Section 3 An affirmative vote of a majority of the entire Board of Directors by ballot, which may be conducted by mail, shall be necessary for election to fill a vacancy.
Section 4 Should the offices of president and president-elect become vacant simultaneously, the Nomination/Election Committee will convene and subsequently submit a Slate of Nominees, with biographical and other data, for the vacant offices to the Board of Directors. The secretary shall cause the list of nominees and biographical and other data, with provisions for write-in candidates, to be distributed to the membership within thirty  days of the Association meeting. An election shall be called for and completed as soon as possible.
Section 5 Should the offices of the president and president-elect become vacant simultaneously thirty  days or less prior to the annual Association meeting, the nominating committee shall convene and subsequently submit a slate of nominees, with biographical and other data, for the vacant offices at the first Board of Directors session at the Association meeting. The treasurer shall assume the duties of the president of the Association until that office is filled.
Appointment of Employees
Section 1 Provided the necessary funds are available, the Directors/Officers may employ personnel whose titles, duties, and remuneration shall be determined by them.
Section 2 Any paid employee with fiscal responsibility must be bonded at the expense of the Association in the amount determined to be appropriate by the Board of Directors/Officers.
Robert's Rules of Order, Revised shall govern the Association proceedings in all cases to which they are applicable and in which they are not inconsistent with the Constitution and By-Laws.
Section 1 Standing Rules may be adopted or amended by the Association or by the Board of Directors by a majority vote of those present and voting, provided a quorum is present, at any meeting of either body, except that the Board of Directors may not change a decision of the Association.
Section 2 A record of the Standing Rules of the Association shall be kept by the secretary and be made available to new Board of Director members and, upon request, to any member of the Association.
Amendment of the By-Laws
These By-Laws may be amended by a majority of Association members voting after a canvas of the entire regular membership, provided that each amendment shall have been proposed in writing to the secretary by the Board of Directors or by a committee authorized by the Association or by a petition of any five  members of the Association and, provided further, that copy of the amendment shall have been mailed to each member of the Association at least thirty  days before the vote is called by the Board of Directors.
Oklahoma Association of Student Financial Aid Administrators, Inc. As Amended January 1997
The name of this organization shall be OKLAHOMA ASSOCIATION OF STUDENT FINANCIAL AID ADMINISTRATORS, INC.
Section 1 To promote the professional preparation, appointment effectiveness, recognition and association of:
- Student financial aid administrators in post-secondary educational institutions, government agencies, foundations, and private business.
- Others in educational institutions, government agencies, foundations, and relevant support organizations concerned with the support and administration of student financial aids.
Section 2 To serve effectively the interest and needs of students, faculties, government agencies, and relevant support organizations through coordination of plans and programs pertinent to student financial aids.

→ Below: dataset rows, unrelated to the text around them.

text \<open>A square of period \<open>l\<close> at \<open>i\<close> in \<open>thue_diff\<close> makes \<open>t (j + l) - t j\<close> constant for
  \<open>i \<le> j \<le> i + l\<close>. If it is \<open>0\<close>, \<open>thue_morse\<close> has an overlap. Otherwise \<open>t j \<noteq> t (j + l)\<close>
  throughout, and equal steps from opposite values must both be \<open>0\<close>; so \<open>t\<close> is constant on the
  window, contradicting \<open>t (i + l) \<noteq> t i\<close>.\<close>
lemma thue_diff_no_square:
  assumes "l > 0" and sq: "\<And>j. i \<le> j \<Longrightarrow> j < i + l \<Longrightarrow> thue_diff (j + l) = thue_diff j"
  shows False
proof -
  let ?P = "\<lambda>j. thue_morse (j + l) = thue_morse j"
  have P_step: "?P (Suc j) = ?P j" if "i \<le> j" "j < i + l" for j
  proof -
    have "thue_diff (j + l) = thue_diff j" using sq[OF that] .
    then show ?thesis unfolding thue_diff_eq_iff add_Suc by argo
  qed
  have P_const: "?P j = ?P i" if "i \<le> j" "j \<le> i + l" for j
    by (rule eq_on_interval_if_steps[where f = ?P, OF P_step that])
  show False
  proof (cases "?P i")
    case True
    then have "overlap_at thue_morse i l" unfolding overlap_at_def using P_const by blast
    with \<open>l > 0\<close> show False using thue_morse_overlap_free by blast
  next
    case False
    have "thue_morse (Suc j) = thue_morse j" if "i \<le> j" "j < i + l" for j
    proof -
      have "thue_diff (j + l) = thue_diff j" using sq[OF that] .
      moreover have "\<not> ?P j" using P_const[of j] False that by simp
      ultimately show ?thesis unfolding thue_diff_eq_iff by argo
    qed
    then have "thue_morse (i + l) = thue_morse i"
      by (rule eq_on_interval_if_steps[where k = "i + l"]) auto
    with False show False by simp
  qed
qed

Section 3 To assist educational institutions, foundations, government agencies, and relevant support organizations to promote and develop effective programs of student financial aids.
Section 4 To promote such programs and activities as may be desirable or required to fulfill the purpose of the Association.
Section 1 There shall be two classifications of membership in this Association. Regular membership and associate membership. A member’s classification at date of incorporation shall be retained unless elected otherwise by the member.
Section 2 Regular membership shall be limited to persons engaged in the administration of student financial aid representing educational institutions located in Oklahoma. Regular members are entitled to vote on all matters brought before the Association.
Section 3 Associate membership shall include representatives of government agencies (state and federal), foundations, banks and other financial institutions, guarantee agencies, and private and community organizations interested in student financial aid matters. Associate members are not entitled to vote on matters brought before the Association.
Section 1 The officers of this Association shall consist of president, president-elect, treasurer and secretary. The officers shall be regular members of the Association.
Section 2 The incumbent president-elect shall succeed to the presidency.
Section 3 Officers shall be elected each year as specified in the By-Laws.
Section 4 Except for delegates-at-large, officers shall hold office for one year and, except for the president and president-elect, may be elected to succeed themselves.
Section 5 The term of office of duly elected officers, except for delegates-at-large, shall normally run from July 1 to June 30 of each year. Delegates-at-large hold two-year staggered terms, July 1 to June 30 inclusive.
Section 6 The duties of officers shall be as specified in the By-Laws.
Section 7 Vacancies shall be filled as specified in the By-Laws.
Board of Directors
Section 1 The Board of Directors shall consist of the officers of the Association and the immediate past president.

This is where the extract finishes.